[PROBLEM] Among the entries below, which lines include the string "blast"? Show each one.

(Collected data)
<<<<

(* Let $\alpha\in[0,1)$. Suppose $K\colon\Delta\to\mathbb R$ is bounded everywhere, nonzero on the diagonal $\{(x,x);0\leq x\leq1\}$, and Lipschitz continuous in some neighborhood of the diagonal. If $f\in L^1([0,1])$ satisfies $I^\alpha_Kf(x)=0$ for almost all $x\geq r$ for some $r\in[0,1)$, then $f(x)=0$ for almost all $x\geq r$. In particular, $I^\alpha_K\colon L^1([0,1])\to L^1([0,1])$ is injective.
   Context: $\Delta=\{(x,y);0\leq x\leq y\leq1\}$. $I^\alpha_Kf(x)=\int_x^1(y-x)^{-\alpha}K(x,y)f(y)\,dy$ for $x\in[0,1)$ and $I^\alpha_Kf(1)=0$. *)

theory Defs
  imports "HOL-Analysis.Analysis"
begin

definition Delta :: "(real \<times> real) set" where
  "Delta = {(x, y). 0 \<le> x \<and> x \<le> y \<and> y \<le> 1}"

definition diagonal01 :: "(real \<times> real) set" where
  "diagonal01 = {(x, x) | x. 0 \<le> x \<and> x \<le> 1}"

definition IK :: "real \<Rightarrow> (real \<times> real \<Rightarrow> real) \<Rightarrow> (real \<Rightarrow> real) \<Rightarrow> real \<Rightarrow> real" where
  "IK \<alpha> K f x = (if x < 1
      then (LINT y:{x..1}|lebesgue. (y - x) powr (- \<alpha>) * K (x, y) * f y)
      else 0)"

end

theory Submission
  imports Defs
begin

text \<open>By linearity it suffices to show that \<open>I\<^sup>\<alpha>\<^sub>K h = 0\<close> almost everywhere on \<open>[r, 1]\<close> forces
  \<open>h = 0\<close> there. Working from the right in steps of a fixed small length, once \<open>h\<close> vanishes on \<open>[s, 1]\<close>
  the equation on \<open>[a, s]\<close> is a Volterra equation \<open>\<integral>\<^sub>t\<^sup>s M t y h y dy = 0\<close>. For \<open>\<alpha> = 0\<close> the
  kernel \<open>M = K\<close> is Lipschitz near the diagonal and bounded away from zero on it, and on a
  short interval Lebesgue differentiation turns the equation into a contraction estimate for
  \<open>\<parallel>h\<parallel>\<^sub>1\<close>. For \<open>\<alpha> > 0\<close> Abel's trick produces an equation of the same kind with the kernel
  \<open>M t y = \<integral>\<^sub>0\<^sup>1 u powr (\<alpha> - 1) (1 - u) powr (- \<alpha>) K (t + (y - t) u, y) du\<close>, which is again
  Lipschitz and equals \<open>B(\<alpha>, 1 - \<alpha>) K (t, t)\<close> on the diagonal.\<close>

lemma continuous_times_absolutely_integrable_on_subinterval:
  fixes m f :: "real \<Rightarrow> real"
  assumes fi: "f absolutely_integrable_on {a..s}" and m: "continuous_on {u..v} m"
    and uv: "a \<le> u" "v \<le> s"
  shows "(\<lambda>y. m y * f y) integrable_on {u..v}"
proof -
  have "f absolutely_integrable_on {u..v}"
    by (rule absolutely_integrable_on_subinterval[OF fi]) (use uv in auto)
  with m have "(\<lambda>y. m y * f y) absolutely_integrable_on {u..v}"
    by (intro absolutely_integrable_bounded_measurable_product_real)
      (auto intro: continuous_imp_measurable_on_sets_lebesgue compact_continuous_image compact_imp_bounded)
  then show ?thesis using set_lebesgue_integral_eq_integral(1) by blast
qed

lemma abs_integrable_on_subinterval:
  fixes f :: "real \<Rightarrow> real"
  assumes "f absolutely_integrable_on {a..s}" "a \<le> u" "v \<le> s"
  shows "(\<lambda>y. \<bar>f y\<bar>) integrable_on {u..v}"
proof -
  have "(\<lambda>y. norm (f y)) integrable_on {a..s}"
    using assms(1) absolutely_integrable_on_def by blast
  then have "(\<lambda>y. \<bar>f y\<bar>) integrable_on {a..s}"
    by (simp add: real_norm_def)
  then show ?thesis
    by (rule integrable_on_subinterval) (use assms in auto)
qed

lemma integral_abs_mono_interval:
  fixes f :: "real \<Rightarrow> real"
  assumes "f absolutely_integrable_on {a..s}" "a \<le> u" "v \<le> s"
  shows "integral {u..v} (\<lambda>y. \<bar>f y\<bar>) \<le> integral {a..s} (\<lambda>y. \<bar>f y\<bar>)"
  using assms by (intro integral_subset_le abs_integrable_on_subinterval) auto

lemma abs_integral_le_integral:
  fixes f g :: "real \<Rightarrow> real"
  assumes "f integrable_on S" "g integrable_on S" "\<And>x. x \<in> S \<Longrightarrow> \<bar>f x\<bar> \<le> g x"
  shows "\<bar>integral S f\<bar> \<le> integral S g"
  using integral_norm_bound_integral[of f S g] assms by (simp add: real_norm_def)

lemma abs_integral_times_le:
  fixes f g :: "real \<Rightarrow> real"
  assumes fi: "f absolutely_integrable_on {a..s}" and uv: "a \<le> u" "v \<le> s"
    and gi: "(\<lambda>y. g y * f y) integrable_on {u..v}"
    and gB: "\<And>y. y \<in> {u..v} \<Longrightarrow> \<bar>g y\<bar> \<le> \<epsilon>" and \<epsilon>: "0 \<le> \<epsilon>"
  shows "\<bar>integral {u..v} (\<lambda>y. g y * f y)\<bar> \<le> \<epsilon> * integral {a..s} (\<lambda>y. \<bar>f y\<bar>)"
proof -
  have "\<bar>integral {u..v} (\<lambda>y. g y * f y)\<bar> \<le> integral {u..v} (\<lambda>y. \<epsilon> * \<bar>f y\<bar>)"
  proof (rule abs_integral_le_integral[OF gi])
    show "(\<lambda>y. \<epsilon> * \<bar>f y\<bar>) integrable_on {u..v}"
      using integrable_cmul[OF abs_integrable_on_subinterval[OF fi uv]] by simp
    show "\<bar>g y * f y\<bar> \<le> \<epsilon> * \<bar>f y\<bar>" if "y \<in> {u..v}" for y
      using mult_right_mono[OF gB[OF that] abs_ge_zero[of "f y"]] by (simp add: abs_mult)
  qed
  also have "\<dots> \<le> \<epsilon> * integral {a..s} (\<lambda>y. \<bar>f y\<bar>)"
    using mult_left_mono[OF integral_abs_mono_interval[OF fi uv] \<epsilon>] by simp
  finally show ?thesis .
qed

>>>>

[TASK ANSWER]
  then show ?thesis using set_lebesgue_integral_eq_integral(1) by blast
    using assms(1) absolutely_integrable_on_def by blast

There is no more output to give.